Regulatory and Statutory Changes Coming to Self-Corrections Programs

Plans will find more room to correct their own mistakes under SECURE 2.0 and a DOL proposed rule change.

In recent months, the latitude given to fiduciaries looking to self-correct errors in plan administration has been expanding.

In November 2022, the Department of Labor proposed a rule that would expand the Voluntary Fiduciary Correction Program. The proposed rule would permit fiduciaries to correct errors related to the repayment of loans and delayed investment of employee contributions if the error was no older than 180 days and did not amount to more than $1,000. It would also require the fiduciary to provide notice to DOL after the fact, instead of seeking pre-approval.

More on the VFCP proposal can be found here. The comment period for the proposal closed today.

A public comment letter submitted to the DOL today by the ERISA Industry Committee (ERIC) was supportive of the proposal. It did, however, call for $10,000 and 365-day limits instead of the proposed $1,000 and 180-day limits.

The letter noted that the SECURE 2.0 Act of 2022made some changes that will ease self-correcting processes.

Section 305 of SECURE 2.0

Section 305 of SECURE 2.0 allows plans to self-correct errors related to loan administration through the Self-Correction Program under the Employee Plans Compliance Resolution System, within the jurisdiction of the IRS.

According to Matt Hawes, a partner in Morgan Lewis, the IRS previously did not allow for self-correction of administrative loan errors, instead requiring a process called the Voluntary Correction Program, which allows a sponsor to pay a fee and request IRS approval to make a correction. Now sponsors can use the self-correction program, which does not require contacting the IRS or paying a fee, to correct these errors.

Jason Lee, an ERISA attorney and principal with Groom Law Group, Chartered, says there is overlap between the DOL VFCP proposal and Section 305. If the proposed rule goes into effect, the DOL will be required to treat plan participant loan failures—such as those resulting from a mistaken amount or duration—that are self-corrected under IRS SCP rules as also satisfying the DOL’s VFCP’s rules. Section 305 authorizes the DOL to require notice from plans that use this method but does not mandate the DOL to do so.

For plans to use the self-correction process under Section 305, the loan error in question must be an “eligible inadvertent” mistake. In order to be considered an “eligible inadvertent” mistake, the failure must have happened despite the presence of appropriate policies and procedures, cannot be an “egregious” failure and cannot relate to either the misuse of plan assets or “abusive tax avoidance.”

Hawes explains that Section 305 of SECURE 2.0 deals with “run of the mill” administrative issues relating to loans, but the DOL proposal was limited to deposit failures, such as not repaying loans or investing contributions.

It is not clear if Section 305 in SECURE 2.0 will be accounted for or otherwise affect the DOL’s VFCP proposal under consideration.
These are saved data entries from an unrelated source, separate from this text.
lemma sd_run_chores_unique:
  assumes "sd_run G R q \<sigma> C Rem A" "distinct \<sigma>"
    and "\<forall>j\<in>set \<sigma>. asym (R j) \<and> Rem \<inter> G j = {} \<and> X j \<inter> G j = {} \<and> C j \<inter> Rem = {}"
    and "\<forall>j\<in>set \<sigma>. weak_pref M G R j (X j) (A j - C j)"
    and "(\<Union>j\<in>set \<sigma>. A j - C j) \<subseteq> (\<Union>j\<in>set \<sigma>. X j)"
  shows "\<forall>j\<in>set \<sigma>. X j = A j - C j"
  using assms
proof (induction \<sigma> arbitrary: C Rem)
  case Nil
  then show ?case by simp
next
  case (Cons t \<sigma>)
  then obtain P where pick: "sd_pick G R t (q t) Rem P"
    and run: "sd_run G R q \<sigma> (C(t := C t \<union> P)) (Rem - P) A" by auto
  have t: "t \<notin> set \<sigma>" using Cons.prems(2) by simp
  have t_chores: "asym (R t)" "Rem \<inter> G t = {}" "X t \<inter> G t = {}" "C t \<inter> Rem = {}"
    using Cons.prems(3) by auto
  have "P \<subseteq> Rem" using pick by (simp add: sd_pick_def)
  have picked: "A t - C t = P"
    using sd_run_inactive[OF run t] \<open>P \<subseteq> Rem\<close> t_chores(4) by auto
  have t_pref: "weak_pref M G R t (X t) P"
    using Cons.prems(4) picked by auto
  have later: "A j - C j \<subseteq> Rem - P" if "j \<in> set \<sigma>" for j
    using sd_run_extends[OF run, of j] that t by (auto split: if_splits)
  have no_extra: "X t \<inter> (Rem - P) = {}"
    using sd_pick_chores_no_extra[OF pick t_chores(1-3) t_pref] .
  have unchanged: "(C(t := C t \<union> P)) j = C j" if "j \<in> set \<sigma>" for j
    using t that by auto
  have "(\<Union>j\<in>set \<sigma>. A j - C j) \<subseteq> (\<Union>j\<in>set \<sigma>. X j)"
    using Cons.prems(5) later no_extra by (simp, blast)
  then have "\<forall>j\<in>set \<sigma>. X j = A j - (C(t := C t \<union> P)) j"
    using Cons.prems(2-4) unchanged by (intro Cons.IH[OF run]) auto
  with t have IH: "\<forall>j\<in>set \<sigma>. X j = A j - C j" by auto
  have "(\<Union>j\<in>set \<sigma>. X j) \<inter> P = {}"
    using IH later by blast
  with picked Cons.prems(5) have "P \<subseteq> X t" by (simp, blast)
  with t_pref t_chores(3) have "X t = P" by (rule weak_pref_chores_superset_eq)
  with IH picked show ?case by simp
qed

lemma strict_pref_cong:
  assumes "X - Y = X' - Y'" "Y - X = Y' - X'"
  shows "strict_pref M G R i X Y = strict_pref M G R i X' Y'"
proof -
  have "X = Y \<longleftrightarrow> X' = Y'" using assms by blast
  moreover have "z \<in> X \<inter> G i \<or> z \<in> Y \<inter> (M - G i) \<longleftrightarrow> z \<in> X' \<inter> G i \<or> z \<in> Y' \<inter> (M - G i)"
    if "z \<in> sym_diff X Y" for z
    using assms that by blast
  ultimately show ?thesis
    unfolding strict_pref_def using assms by (metis (no_types, lifting))
qed

lemma pareto_dominates_remove_common:
  assumes dom: "pareto_dominates n M G R A' A"
    and common: "\<forall>i<n. A' i \<inter> H = A i \<inter> H"
    and rest: "\<forall>i<n. A i - H = B i"
  shows "pareto_dominates n M G R (\<lambda>i. A' i - H) B"
proof -
  have same_diff: "(A' i - H) - B i = A' i - A i" "B i - (A' i - H) = A i - A' i" if "i < n" for i
    using common rest that by blast+
  then have strict: "strict_pref M G R i (A' i - H) (B i) = strict_pref M G R i (A' i) (A i)"
    if "i < n" for i
    using that by (intro strict_pref_cong) auto
  have equal: "A' i - H = B i \<longleftrightarrow> A' i = A i" if "i < n" for i
    using common rest that by blast
  have "(\<Union>i<n. A' i - H) = (\<Union>i<n. A' i) - H" by blast
  also have "\<dots> = (\<Union>i<n. A i) - H" using dom by (simp add: pareto_dominates_def)
  also have "\<dots> = (\<Union>i<n. B i)" using rest by blast
  finally show ?thesis
    using dom strict equal by (auto simp: pareto_dominates_def weak_pref_def)
qed

lemma pareto_dominates_sd_extension_agrees:
  assumes asym: "\<forall>i<n. asym (R i)"
    and chores: "\<forall>i<n. H \<inter> G i = {} \<and> B i \<inter> H = {}"
    and imp: "\<forall>i<n. \<forall>h\<in>H. \<forall>x \<in> G i \<union> B i. (h, x) \<in> R i"
    and \<sigma>: "distinct \<sigma>" "set \<sigma> = {..<n}"
    and run: "sd_run G R q \<sigma> B H A"
    and dom: "pareto_dominates n M G R A' A"
  shows "\<forall>i<n. A' i \<inter> H = A i \<inter> H"
proof -
  have extends: "B i \<subseteq> A i" "A i \<subseteq> B i \<union> H" for i
    using sd_run_extends[OF run] by auto
  have pref: "\<forall>j\<in>set \<sigma>. weak_pref M G R j (A' j \<inter> H) (A j - B j)"
  proof
    fix j
    assume "j \<in> set \<sigma>"
    with \<sigma>(2) have "j < n" by auto
    with dom have "weak_pref M G R j (A' j) (A j)" by (simp add: pareto_dominates_def)
    with \<open>j < n\<close> asym chores imp show "weak_pref M G R j (A' j \<inter> H) (A j - B j)"
      by (intro weak_pref_restrict_important[OF _ _ _ extends]) auto
  qed
  have cover: "(\<Union>j\<in>set \<sigma>. A j - B j) \<subseteq> (\<Union>j\<in>set \<sigma>. A' j \<inter> H)"
    using dom extends \<sigma>(2) by (auto simp: pareto_dominates_def)
  have "\<forall>j\<in>set \<sigma>. asym (R j) \<and> H \<inter> G j = {} \<and> A' j \<inter> H \<inter> G j = {} \<and> B j \<inter> H = {}"
    using asym chores \<sigma>(2) by blast
  from run \<sigma>(1) this pref cover have "\<forall>j\<in>set \<sigma>. A' j \<inter> H = A j - B j"
    by (rule sd_run_chores_unique)
  with chores extends \<sigma>(2) show ?thesis by blast
qed
(* Let $H$ be a finite-dimensional real Hilbert space, $A\in B(H,H)$ symmetric with $\|A^{1/2}\mathbf{u}\|^2\ge\ell_0\|\mathbf{u}\|^2$ for all $\mathbf{u}$ ($\ell_0>0$), $\mathbf{N}:H\to H$ locally Lipschitz with $\mathbf{N}(\mathbf{u})\cdot\mathbf{u}=0$ for all $\mathbf{u}$, $\mathbf{F}\in H$ constant, and $\gamma>0$. For $k\in(0,1]$ let $\mathbb{S}_k$ be the map on $(H\times H)\times\mathbb{R}^2$ given by $\mathbb{S}_k((\mathbf{u}_0,\mathbf{u}_1),(q_0,q_1))=((\mathbf{u}_1,\mathbf{u}_2),(q_1,q_2))$, where $(\mathbf{u}_2,q_2)$ is the unique solution of $$\frac{3\mathbf{u}_2-4\mathbf{u}_1+\mathbf{u}_0}{2k}+A\mathbf{u}_2+q_2\mathbf{N}(2\mathbf{u}_1-\mathbf{u}_0)=\mathbf{F},\qquad \frac{3q_2-4q_1+q_0}{2k}+\gamma q_2-\mathbf{N}(2\mathbf{u}_1-\mathbf{u}_0)\cdot\mathbf{u}_2=\gamma,$$ and let $\mathscr{A}_k$ be the global attractor of the discrete dynamical system generated by $\mathbb{S}_k$. Then there exists a constant $C>0$ independent of $k$ such that $$\|\mathbf{u}_1-\mathbf{u}_2\|+|q_1-q_2|\le Ck\qquad\text{for all }((\mathbf{u}_1,\mathbf{u}_2),(q_1,q_2))\in\mathscr{A}_k\text{ and all }k.$$
   Context: A global attractor of a discrete dynamical system is a compact invariant set attracting all bounded sets; $\mathbb{S}_k$ possesses one under the stated assumptions. *)

theory Defs
  imports "HOL-Analysis.Analysis"
begin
Hawes says this provision could result in the DOL “tweaking the rule a little bit,” but not necessarily.

When asked for comment, a spokesperson for the DOL said, “The Department of Labor is in consultation with the IRS regarding the implementation of Section 305(b). However, Section 305(b) has no immediate impact on the recent proposed amendments to the Department of Labor’s Voluntary Fiduciary Correction Program.”

Other Self-Correction Sections of SECURE 2.0

Section 301 of SECURE 2.0 addresses overpayment corrections by allowing plans to opt not to collect benefit overpayments, or to collect them by reducing future benefits. David Levine, an ERISA attorney and partner at the Groom Law Group, explains that, “Fiduciaries believed it was their responsibility to go after overpayments. This enhancement provides protection and allows fiduciaries to act in a participant-friendly way without running afoul of their ERISA duties.”

Section 350 permits the correction of errors related to auto-enrollment beginning in 2024. This section allows a grace period of 9.5 months after the end of the plan year in which an error was made for a sponsor to correct “reasonable” errors without penalty. These errors can include things such as improperly excluding an eligible employee from the plan.